WORK TO COMPLETE: In the listing below, locate the line containing "B(3) le by simp" and the line containing "obtain v w where". Output both of them and every line between, exactly as written, and nothing more.

THE DATA:
Segment Open
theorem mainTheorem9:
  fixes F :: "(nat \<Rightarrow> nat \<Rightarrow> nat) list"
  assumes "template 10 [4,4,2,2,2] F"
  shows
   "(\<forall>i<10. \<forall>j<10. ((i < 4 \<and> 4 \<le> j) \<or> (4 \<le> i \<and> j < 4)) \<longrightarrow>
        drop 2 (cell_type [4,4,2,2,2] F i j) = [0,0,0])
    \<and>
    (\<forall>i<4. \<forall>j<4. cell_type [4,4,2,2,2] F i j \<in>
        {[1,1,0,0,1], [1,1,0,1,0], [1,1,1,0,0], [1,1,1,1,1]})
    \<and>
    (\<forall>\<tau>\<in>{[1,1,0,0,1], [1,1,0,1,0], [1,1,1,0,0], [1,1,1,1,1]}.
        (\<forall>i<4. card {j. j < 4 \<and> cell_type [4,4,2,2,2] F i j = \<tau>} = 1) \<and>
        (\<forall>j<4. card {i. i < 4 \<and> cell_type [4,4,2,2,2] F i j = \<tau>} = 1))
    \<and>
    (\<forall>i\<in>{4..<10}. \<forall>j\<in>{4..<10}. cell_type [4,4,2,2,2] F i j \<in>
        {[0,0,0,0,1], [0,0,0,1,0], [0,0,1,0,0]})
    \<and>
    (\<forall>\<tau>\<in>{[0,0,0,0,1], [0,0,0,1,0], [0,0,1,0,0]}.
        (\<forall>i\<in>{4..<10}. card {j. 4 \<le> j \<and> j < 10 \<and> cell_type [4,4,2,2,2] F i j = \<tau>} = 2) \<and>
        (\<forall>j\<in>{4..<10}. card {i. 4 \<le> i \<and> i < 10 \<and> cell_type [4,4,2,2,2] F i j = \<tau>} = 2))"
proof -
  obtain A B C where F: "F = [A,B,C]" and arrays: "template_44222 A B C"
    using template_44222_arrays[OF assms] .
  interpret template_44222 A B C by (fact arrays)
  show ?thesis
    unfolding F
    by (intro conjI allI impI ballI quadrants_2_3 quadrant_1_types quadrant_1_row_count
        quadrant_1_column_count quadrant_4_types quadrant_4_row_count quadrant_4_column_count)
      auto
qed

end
Segment Closed
Segment Open
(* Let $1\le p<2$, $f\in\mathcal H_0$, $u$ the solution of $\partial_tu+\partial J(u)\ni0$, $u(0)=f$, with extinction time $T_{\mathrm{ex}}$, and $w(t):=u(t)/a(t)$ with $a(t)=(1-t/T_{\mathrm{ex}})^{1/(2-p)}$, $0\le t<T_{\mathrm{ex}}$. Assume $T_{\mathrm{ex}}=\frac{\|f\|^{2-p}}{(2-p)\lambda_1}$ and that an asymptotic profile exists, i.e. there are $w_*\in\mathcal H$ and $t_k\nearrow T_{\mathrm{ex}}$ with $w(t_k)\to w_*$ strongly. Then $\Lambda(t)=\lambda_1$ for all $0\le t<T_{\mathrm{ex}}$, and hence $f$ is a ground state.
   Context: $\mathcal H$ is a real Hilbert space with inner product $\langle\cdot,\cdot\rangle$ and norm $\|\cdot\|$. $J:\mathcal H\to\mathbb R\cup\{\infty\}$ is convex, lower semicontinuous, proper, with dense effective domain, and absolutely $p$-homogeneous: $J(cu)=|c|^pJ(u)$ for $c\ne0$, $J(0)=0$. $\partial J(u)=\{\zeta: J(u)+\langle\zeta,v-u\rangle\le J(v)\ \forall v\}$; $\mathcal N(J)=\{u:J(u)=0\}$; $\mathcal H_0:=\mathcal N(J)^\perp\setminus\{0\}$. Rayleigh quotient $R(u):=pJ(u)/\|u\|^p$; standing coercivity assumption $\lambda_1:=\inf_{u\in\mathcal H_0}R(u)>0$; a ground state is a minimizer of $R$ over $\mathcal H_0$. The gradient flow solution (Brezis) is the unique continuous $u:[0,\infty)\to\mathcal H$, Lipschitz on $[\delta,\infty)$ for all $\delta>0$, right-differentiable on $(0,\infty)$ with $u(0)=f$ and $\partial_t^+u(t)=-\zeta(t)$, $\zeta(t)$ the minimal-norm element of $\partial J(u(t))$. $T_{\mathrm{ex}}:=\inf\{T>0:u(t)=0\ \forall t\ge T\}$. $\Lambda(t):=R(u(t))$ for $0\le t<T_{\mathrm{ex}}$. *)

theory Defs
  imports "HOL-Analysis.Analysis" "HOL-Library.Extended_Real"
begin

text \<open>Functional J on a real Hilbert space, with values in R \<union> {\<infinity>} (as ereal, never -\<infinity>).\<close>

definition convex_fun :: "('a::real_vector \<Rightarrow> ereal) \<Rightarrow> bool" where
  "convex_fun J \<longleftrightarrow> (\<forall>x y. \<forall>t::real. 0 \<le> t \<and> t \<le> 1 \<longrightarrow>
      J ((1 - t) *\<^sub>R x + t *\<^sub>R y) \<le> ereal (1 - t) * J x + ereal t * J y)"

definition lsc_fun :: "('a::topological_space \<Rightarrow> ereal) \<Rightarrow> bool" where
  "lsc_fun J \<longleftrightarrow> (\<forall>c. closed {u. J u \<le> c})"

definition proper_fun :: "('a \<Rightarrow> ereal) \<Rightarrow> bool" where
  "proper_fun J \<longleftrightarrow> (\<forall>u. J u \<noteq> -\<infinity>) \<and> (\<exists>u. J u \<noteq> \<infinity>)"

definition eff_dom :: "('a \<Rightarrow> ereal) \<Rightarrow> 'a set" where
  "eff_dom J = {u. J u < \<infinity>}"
Segment Closed
Segment Open
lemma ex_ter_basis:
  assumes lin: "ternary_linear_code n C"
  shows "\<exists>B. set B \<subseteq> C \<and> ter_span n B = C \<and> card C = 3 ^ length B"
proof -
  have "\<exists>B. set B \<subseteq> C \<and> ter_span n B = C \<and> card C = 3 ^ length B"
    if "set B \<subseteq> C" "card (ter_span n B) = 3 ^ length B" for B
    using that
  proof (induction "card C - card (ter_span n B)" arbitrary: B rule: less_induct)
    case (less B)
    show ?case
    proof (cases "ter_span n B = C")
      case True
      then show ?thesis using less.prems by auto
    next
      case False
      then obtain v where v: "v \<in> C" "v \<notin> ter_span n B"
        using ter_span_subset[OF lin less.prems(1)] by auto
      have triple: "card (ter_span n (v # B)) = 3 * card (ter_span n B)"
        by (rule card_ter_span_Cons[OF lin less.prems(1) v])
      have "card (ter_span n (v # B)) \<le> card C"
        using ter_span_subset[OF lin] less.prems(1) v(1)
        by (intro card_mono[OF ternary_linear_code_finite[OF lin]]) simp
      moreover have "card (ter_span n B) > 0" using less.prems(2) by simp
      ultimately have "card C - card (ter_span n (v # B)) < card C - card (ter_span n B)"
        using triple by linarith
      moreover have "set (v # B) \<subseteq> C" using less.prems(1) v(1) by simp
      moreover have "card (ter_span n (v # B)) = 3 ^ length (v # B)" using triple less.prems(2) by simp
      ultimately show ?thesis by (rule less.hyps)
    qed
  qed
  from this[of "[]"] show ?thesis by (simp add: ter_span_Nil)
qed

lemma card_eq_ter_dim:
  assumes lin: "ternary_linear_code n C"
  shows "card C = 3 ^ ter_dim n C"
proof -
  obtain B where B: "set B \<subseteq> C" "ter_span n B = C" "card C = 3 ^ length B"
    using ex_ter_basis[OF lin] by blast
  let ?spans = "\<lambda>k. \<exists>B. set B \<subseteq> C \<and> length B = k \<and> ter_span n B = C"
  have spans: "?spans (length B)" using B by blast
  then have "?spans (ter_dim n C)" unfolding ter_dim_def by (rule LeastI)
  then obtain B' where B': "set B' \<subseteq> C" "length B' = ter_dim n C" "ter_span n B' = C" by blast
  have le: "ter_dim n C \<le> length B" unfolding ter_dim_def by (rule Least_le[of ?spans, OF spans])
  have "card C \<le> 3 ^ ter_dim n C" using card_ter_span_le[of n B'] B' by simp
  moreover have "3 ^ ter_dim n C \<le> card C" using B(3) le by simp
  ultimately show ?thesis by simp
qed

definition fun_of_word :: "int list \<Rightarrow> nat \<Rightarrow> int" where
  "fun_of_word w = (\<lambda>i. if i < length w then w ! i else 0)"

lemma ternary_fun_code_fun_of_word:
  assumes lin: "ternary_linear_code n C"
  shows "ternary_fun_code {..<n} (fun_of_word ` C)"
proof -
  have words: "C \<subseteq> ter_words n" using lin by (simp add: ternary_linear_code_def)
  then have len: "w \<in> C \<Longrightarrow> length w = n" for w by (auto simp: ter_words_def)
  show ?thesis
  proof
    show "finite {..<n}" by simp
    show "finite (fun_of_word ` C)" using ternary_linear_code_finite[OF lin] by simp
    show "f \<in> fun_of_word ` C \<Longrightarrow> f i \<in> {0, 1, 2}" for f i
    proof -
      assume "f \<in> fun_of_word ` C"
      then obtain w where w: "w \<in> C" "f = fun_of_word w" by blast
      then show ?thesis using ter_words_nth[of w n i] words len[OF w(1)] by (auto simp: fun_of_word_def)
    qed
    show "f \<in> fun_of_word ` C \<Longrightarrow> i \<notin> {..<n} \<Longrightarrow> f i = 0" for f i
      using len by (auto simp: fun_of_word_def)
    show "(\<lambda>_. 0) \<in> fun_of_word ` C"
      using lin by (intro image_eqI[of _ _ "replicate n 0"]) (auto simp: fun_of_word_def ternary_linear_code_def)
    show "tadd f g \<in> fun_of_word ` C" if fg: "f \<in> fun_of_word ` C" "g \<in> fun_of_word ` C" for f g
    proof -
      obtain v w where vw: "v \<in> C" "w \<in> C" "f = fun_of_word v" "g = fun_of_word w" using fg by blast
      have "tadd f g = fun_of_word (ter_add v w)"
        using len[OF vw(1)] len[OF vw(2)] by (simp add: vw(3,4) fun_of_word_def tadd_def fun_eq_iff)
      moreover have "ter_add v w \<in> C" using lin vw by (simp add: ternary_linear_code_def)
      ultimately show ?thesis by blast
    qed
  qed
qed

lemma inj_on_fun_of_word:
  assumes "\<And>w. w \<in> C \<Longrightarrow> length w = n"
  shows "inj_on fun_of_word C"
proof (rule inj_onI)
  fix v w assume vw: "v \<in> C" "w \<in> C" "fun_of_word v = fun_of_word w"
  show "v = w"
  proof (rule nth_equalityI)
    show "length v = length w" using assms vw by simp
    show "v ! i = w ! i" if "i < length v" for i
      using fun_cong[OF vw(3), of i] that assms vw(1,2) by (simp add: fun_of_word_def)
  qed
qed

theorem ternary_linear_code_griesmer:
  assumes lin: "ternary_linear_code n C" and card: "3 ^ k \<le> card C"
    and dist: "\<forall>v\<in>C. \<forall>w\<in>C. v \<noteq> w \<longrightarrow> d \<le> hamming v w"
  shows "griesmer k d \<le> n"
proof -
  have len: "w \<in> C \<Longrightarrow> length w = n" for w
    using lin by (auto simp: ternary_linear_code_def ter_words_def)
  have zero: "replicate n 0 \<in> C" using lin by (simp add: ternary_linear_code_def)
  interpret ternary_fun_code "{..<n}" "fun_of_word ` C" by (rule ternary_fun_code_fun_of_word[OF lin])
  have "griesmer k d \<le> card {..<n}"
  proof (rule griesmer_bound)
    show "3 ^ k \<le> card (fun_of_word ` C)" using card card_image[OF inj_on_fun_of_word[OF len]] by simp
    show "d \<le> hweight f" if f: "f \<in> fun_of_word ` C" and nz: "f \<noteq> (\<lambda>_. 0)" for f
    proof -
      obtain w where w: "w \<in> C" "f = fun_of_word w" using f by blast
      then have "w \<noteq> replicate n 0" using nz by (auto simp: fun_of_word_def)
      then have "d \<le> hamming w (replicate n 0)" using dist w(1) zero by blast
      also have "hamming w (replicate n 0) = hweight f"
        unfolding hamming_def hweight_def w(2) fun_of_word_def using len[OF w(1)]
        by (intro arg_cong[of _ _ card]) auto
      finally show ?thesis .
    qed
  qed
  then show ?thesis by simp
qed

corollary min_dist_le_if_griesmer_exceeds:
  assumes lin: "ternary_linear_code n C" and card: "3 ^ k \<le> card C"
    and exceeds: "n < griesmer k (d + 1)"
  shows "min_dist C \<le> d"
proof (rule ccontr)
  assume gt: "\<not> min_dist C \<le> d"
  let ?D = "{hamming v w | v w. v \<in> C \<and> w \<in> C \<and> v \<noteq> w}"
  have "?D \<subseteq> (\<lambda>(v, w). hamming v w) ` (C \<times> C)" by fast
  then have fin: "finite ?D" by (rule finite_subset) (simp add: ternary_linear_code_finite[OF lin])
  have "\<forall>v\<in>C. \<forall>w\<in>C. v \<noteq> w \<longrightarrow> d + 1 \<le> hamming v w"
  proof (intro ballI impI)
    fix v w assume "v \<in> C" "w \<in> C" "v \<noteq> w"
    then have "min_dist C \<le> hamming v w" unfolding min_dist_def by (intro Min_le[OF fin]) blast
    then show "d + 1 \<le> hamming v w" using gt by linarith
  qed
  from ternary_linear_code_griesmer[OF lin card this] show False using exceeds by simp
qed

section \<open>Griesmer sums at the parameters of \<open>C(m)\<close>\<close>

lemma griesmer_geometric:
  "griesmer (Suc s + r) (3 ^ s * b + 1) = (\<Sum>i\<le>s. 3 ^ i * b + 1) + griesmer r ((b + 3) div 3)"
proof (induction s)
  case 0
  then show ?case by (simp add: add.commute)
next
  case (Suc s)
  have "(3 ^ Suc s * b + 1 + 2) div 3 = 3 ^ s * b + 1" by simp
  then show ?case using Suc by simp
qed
Segment Closed
RESPONSE BELOW:
  moreover have "3 ^ ter_dim n C \<le> card C" using B(3) le by simp
  ultimately show ?thesis by simp
qed

definition fun_of_word :: "int list \<Rightarrow> nat \<Rightarrow> int" where
  "fun_of_word w = (\<lambda>i. if i < length w then w ! i else 0)"

lemma ternary_fun_code_fun_of_word:
  assumes lin: "ternary_linear_code n C"
  shows "ternary_fun_code {..<n} (fun_of_word ` C)"
proof -
  have words: "C \<subseteq> ter_words n" using lin by (simp add: ternary_linear_code_def)
  then have len: "w \<in> C \<Longrightarrow> length w = n" for w by (auto simp: ter_words_def)
  show ?thesis
  proof
    show "finite {..<n}" by simp
    show "finite (fun_of_word ` C)" using ternary_linear_code_finite[OF lin] by simp
    show "f \<in> fun_of_word ` C \<Longrightarrow> f i \<in> {0, 1, 2}" for f i
    proof -
      assume "f \<in> fun_of_word ` C"
      then obtain w where w: "w \<in> C" "f = fun_of_word w" by blast
      then show ?thesis using ter_words_nth[of w n i] words len[OF w(1)] by (auto simp: fun_of_word_def)
    qed
    show "f \<in> fun_of_word ` C \<Longrightarrow> i \<notin> {..<n} \<Longrightarrow> f i = 0" for f i
      using len by (auto simp: fun_of_word_def)
    show "(\<lambda>_. 0) \<in> fun_of_word ` C"
      using lin by (intro image_eqI[of _ _ "replicate n 0"]) (auto simp: fun_of_word_def ternary_linear_code_def)
    show "tadd f g \<in> fun_of_word ` C" if fg: "f \<in> fun_of_word ` C" "g \<in> fun_of_word ` C" for f g
    proof -
      obtain v w where vw: "v \<in> C" "w \<in> C" "f = fun_of_word v" "g = fun_of_word w" using fg by blast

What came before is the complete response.